Collected data entries
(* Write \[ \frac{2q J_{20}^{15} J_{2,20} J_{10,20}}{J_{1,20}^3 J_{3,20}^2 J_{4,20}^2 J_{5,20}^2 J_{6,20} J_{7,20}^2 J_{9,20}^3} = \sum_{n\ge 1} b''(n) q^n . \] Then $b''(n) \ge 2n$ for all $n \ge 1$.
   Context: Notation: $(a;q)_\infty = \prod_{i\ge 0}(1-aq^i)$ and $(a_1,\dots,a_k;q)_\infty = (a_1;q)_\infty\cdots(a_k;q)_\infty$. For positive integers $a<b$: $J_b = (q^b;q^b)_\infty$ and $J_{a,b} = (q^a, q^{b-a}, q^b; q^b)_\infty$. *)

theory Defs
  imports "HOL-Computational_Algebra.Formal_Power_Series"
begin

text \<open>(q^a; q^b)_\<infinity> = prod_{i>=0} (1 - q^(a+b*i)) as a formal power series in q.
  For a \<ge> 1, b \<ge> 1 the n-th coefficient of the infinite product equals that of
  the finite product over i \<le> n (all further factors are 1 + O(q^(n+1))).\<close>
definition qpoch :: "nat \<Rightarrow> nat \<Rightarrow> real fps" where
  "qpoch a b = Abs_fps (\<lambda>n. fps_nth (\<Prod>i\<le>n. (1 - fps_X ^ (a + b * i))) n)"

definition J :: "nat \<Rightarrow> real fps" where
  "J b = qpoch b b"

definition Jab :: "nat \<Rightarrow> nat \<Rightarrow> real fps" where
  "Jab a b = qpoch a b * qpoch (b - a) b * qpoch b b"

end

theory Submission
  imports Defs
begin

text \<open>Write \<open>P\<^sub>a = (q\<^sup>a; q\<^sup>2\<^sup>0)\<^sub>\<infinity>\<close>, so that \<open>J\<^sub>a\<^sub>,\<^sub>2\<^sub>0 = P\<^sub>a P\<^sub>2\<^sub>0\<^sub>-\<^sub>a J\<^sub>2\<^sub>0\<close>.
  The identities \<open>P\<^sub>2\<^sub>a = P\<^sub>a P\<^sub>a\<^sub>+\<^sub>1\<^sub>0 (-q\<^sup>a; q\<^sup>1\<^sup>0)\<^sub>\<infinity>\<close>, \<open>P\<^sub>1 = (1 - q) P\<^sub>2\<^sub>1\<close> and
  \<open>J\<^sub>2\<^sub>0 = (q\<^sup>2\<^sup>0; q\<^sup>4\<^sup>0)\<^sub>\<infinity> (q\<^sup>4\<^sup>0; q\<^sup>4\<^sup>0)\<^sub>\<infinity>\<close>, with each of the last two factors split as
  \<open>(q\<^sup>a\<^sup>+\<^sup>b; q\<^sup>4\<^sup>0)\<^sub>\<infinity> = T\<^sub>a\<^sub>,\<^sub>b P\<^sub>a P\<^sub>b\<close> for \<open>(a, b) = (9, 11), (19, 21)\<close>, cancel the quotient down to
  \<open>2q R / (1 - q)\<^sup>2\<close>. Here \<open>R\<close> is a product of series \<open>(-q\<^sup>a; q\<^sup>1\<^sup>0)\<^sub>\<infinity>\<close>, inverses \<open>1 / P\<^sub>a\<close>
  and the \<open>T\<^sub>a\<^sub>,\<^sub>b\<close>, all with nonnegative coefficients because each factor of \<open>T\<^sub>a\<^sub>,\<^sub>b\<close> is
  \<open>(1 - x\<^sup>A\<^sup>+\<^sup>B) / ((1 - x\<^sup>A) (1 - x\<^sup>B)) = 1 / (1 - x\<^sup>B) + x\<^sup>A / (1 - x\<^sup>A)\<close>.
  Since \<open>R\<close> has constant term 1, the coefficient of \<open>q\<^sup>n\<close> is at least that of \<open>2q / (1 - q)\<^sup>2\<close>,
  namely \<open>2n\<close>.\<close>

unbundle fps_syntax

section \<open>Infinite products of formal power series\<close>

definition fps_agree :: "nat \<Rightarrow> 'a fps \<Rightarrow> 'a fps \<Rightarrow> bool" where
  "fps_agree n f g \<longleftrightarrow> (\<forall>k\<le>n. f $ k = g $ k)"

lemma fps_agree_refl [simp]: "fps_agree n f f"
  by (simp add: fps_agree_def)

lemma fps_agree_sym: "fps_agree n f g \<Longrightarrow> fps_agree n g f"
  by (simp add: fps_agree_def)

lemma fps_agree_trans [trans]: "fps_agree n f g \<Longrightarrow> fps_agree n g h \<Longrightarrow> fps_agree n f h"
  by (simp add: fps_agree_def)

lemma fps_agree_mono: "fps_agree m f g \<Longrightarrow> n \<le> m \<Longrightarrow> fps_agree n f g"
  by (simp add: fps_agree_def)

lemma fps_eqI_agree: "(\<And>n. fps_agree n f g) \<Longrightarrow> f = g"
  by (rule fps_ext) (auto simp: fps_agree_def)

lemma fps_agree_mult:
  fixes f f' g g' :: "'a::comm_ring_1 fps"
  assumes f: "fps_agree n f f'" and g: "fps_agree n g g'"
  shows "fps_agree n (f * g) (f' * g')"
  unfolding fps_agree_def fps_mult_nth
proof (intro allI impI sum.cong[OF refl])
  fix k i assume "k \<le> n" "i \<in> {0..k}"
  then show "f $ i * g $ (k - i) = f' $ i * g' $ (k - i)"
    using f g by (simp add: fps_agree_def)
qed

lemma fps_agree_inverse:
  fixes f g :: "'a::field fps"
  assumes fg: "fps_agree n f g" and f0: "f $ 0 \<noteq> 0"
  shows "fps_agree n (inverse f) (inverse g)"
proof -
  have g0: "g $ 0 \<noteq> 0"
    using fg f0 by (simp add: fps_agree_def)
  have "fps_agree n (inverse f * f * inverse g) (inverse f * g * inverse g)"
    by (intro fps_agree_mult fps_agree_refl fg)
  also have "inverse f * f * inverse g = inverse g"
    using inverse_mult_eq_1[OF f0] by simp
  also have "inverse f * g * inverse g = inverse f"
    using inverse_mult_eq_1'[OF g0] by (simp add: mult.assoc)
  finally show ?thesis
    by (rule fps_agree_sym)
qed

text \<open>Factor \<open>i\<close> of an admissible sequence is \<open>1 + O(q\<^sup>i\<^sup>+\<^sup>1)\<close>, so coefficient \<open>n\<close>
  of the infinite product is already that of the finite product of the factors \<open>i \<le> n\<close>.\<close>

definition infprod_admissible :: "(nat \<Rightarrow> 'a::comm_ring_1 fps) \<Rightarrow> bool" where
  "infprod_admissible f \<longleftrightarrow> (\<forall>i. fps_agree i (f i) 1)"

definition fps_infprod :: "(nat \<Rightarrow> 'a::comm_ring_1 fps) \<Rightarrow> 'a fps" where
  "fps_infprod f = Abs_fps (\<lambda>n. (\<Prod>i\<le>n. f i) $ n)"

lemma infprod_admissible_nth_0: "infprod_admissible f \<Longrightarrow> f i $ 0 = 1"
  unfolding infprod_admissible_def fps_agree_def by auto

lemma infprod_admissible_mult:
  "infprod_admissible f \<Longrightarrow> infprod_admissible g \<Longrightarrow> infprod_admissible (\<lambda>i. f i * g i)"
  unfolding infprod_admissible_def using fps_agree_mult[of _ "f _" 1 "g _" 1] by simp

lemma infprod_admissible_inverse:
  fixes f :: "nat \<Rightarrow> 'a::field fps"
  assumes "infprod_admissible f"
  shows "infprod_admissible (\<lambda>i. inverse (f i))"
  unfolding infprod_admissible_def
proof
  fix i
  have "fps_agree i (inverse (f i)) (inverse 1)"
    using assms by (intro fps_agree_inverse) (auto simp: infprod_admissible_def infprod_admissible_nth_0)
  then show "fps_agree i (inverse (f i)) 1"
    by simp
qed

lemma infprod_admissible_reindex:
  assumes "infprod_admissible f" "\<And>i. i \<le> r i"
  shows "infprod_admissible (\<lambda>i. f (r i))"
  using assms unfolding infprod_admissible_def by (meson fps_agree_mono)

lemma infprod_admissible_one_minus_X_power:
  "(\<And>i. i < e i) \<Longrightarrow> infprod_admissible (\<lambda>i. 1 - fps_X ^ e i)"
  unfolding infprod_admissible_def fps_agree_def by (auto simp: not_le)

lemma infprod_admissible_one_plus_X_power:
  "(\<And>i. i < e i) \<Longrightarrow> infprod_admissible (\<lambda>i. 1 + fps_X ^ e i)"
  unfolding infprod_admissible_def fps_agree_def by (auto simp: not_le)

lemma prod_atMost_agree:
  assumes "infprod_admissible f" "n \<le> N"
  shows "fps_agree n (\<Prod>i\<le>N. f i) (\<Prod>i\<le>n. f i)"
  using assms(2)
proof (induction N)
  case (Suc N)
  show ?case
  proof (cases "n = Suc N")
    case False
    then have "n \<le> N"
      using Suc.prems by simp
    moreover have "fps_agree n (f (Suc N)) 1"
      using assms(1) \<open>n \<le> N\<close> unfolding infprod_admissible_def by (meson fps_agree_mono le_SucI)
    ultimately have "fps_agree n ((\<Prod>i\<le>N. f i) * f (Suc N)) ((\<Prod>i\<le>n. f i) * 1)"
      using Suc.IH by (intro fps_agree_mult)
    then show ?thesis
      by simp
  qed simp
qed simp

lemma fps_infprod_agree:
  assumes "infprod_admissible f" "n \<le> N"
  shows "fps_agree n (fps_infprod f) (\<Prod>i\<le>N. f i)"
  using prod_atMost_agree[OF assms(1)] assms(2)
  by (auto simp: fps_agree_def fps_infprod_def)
---
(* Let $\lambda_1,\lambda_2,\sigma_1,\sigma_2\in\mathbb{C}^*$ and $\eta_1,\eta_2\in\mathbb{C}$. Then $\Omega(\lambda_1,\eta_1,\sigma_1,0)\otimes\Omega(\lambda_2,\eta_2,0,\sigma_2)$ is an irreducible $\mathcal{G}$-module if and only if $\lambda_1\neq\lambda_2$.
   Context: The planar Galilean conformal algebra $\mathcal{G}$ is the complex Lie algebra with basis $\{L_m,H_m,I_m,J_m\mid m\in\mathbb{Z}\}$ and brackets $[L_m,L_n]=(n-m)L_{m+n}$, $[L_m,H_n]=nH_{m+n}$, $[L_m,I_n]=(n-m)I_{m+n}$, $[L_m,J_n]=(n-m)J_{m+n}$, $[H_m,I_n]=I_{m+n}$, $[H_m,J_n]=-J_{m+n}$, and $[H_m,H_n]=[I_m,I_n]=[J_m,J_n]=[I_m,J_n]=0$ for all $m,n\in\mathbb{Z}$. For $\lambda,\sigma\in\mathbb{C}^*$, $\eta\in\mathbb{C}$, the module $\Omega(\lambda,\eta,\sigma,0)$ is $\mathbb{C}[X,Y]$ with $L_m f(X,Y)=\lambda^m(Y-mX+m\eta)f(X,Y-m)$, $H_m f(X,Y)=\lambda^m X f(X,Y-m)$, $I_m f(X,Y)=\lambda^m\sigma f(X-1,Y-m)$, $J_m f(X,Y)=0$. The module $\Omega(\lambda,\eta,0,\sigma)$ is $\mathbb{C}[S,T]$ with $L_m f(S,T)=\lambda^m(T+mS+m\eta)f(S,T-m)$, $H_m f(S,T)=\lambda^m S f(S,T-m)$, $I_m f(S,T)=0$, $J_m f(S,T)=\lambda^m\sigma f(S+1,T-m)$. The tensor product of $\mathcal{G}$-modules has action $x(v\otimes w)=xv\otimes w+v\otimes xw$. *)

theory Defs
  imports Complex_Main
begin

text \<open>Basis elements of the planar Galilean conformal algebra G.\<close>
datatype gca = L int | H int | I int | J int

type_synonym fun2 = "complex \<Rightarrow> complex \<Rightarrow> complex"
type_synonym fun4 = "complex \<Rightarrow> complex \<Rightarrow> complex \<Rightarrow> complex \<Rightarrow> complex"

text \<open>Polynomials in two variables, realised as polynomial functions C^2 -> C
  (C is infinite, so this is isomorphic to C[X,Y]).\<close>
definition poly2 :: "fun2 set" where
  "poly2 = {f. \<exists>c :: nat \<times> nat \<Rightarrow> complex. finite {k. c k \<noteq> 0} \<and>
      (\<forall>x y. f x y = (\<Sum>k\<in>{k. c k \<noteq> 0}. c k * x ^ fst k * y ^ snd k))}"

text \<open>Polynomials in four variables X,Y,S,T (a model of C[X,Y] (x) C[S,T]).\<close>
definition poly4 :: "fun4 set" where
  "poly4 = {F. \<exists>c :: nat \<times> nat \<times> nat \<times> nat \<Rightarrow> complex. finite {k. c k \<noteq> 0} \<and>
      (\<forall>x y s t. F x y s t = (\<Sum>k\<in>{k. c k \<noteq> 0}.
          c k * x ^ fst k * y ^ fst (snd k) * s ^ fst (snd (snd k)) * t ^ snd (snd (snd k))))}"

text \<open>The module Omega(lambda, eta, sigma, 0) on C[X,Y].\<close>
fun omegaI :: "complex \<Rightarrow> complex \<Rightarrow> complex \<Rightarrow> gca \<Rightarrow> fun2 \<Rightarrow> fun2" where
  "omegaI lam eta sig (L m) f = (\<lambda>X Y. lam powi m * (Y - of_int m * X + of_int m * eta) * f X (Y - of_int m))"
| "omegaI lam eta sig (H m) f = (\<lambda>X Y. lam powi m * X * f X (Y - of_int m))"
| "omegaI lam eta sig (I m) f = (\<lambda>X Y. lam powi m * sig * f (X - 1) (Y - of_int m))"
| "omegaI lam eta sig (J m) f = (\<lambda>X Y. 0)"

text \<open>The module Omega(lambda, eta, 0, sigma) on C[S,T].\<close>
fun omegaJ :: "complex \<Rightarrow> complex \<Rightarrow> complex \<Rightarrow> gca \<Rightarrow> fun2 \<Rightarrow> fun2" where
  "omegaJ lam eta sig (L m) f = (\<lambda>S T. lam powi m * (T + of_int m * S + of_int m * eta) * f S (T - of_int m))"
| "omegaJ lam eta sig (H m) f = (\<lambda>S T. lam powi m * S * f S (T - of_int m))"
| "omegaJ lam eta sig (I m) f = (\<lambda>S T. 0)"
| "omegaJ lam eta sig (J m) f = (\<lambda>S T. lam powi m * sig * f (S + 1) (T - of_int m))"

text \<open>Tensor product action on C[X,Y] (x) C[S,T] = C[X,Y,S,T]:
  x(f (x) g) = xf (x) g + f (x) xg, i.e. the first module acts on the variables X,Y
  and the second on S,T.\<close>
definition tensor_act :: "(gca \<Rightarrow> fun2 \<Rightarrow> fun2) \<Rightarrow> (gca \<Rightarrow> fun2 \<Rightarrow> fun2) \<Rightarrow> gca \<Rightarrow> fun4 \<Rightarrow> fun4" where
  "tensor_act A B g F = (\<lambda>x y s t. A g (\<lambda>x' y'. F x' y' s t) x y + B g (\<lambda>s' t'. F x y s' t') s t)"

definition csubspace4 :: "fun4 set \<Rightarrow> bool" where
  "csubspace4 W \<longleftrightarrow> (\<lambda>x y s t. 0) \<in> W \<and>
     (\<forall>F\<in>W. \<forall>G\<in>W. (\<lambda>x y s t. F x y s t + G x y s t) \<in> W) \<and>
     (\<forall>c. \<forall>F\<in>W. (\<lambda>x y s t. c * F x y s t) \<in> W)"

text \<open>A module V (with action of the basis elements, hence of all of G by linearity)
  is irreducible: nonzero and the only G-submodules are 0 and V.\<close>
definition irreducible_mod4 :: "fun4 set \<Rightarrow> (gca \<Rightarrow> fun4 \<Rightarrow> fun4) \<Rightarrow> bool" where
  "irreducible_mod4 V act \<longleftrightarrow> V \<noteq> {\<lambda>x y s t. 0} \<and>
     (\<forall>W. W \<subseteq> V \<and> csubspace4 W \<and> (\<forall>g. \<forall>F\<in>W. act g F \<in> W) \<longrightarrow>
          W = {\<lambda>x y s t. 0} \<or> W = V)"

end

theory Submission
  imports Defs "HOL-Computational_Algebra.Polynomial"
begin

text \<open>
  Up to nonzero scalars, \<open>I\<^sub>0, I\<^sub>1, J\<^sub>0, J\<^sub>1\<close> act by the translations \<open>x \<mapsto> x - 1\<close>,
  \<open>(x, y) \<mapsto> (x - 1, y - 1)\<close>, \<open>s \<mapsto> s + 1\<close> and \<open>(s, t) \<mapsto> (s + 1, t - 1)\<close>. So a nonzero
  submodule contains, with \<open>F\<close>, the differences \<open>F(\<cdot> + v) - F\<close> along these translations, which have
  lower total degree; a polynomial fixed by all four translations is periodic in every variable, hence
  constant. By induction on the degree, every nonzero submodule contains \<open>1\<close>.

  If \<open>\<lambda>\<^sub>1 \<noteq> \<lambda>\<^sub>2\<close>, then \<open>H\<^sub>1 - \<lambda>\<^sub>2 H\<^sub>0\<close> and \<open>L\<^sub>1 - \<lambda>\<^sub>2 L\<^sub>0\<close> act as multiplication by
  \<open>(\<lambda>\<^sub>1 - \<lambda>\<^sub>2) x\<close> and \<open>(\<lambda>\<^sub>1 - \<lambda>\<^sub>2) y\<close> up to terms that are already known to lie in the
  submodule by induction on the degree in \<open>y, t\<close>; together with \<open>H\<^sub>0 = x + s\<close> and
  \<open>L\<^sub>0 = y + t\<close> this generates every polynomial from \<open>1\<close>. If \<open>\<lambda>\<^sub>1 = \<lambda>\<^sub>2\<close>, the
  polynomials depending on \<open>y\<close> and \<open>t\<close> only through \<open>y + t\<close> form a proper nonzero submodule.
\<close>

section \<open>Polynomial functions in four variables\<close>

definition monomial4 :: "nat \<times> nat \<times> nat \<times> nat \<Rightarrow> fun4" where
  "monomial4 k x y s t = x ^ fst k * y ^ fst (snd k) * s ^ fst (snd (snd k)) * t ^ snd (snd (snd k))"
---
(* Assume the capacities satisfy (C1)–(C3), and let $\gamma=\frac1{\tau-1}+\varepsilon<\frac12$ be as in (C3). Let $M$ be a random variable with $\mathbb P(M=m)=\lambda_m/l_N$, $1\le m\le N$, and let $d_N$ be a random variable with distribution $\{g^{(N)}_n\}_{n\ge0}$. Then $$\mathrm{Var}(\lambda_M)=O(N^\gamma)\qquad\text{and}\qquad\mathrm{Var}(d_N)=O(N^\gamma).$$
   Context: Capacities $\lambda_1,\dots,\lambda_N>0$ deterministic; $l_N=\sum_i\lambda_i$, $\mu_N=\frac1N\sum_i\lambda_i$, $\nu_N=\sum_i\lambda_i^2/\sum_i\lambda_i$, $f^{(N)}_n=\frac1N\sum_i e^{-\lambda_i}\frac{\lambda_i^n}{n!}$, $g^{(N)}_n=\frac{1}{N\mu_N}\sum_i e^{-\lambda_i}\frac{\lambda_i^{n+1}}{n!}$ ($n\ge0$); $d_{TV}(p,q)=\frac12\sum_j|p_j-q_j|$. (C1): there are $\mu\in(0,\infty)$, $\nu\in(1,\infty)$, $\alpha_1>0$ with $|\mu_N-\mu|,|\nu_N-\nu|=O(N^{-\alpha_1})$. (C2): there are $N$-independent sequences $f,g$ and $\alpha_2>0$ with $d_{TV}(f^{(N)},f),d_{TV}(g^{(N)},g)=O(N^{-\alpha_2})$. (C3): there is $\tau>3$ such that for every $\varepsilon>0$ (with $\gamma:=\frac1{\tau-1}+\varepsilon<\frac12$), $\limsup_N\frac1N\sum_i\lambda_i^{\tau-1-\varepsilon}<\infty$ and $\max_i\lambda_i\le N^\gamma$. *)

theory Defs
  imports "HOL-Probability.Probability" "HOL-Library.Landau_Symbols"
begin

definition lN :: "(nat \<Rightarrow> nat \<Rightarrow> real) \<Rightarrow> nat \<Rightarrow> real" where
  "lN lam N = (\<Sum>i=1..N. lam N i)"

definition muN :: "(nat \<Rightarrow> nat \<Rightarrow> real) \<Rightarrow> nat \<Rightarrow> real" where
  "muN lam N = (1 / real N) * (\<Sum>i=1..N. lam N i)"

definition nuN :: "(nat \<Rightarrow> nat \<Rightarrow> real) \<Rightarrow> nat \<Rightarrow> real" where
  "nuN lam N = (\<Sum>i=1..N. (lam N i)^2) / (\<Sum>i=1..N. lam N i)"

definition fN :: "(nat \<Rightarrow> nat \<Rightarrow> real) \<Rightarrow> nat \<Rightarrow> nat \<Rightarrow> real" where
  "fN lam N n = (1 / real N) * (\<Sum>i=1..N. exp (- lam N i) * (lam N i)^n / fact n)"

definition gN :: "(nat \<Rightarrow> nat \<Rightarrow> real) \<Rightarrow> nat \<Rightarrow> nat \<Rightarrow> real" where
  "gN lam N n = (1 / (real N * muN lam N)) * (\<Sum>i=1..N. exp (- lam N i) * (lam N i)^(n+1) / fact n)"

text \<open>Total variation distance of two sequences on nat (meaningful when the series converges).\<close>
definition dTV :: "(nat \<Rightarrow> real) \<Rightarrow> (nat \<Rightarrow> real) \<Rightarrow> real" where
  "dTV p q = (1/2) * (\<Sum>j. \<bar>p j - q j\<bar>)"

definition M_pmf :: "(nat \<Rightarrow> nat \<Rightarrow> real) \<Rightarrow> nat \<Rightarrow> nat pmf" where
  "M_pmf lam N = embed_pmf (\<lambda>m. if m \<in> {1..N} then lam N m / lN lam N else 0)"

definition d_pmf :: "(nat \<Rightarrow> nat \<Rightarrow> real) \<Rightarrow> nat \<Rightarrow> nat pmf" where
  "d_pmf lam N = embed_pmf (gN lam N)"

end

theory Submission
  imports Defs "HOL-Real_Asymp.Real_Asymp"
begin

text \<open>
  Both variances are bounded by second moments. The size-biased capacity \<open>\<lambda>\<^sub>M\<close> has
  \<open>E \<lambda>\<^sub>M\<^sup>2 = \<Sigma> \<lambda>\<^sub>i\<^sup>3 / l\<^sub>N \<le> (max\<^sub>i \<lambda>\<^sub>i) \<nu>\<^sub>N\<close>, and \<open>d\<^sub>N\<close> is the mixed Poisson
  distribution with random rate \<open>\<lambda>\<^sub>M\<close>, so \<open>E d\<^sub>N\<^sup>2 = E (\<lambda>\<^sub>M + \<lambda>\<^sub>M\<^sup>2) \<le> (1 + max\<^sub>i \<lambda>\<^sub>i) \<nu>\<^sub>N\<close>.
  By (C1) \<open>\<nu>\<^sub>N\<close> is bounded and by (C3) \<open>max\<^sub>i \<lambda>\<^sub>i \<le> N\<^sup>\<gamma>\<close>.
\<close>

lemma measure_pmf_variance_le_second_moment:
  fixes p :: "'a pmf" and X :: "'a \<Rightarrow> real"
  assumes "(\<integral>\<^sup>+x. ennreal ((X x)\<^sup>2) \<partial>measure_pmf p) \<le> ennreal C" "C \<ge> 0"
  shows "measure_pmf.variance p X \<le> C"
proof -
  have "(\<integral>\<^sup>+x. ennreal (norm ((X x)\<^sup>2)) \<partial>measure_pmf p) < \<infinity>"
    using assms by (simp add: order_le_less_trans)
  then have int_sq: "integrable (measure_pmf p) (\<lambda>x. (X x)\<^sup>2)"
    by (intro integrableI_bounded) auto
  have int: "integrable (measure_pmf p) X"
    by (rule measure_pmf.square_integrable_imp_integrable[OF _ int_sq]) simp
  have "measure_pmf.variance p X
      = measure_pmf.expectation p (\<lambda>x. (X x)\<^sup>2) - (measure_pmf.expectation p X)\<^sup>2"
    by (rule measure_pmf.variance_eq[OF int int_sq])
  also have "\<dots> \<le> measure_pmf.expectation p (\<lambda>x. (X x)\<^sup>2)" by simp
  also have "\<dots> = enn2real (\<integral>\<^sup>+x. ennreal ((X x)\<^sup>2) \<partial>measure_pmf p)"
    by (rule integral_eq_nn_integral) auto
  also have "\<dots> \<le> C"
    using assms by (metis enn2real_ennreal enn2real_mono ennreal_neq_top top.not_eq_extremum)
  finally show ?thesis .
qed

■ To do
Answer with a single number: the count of lines in the entries that hold the word "planar".

■ Answer to this task
2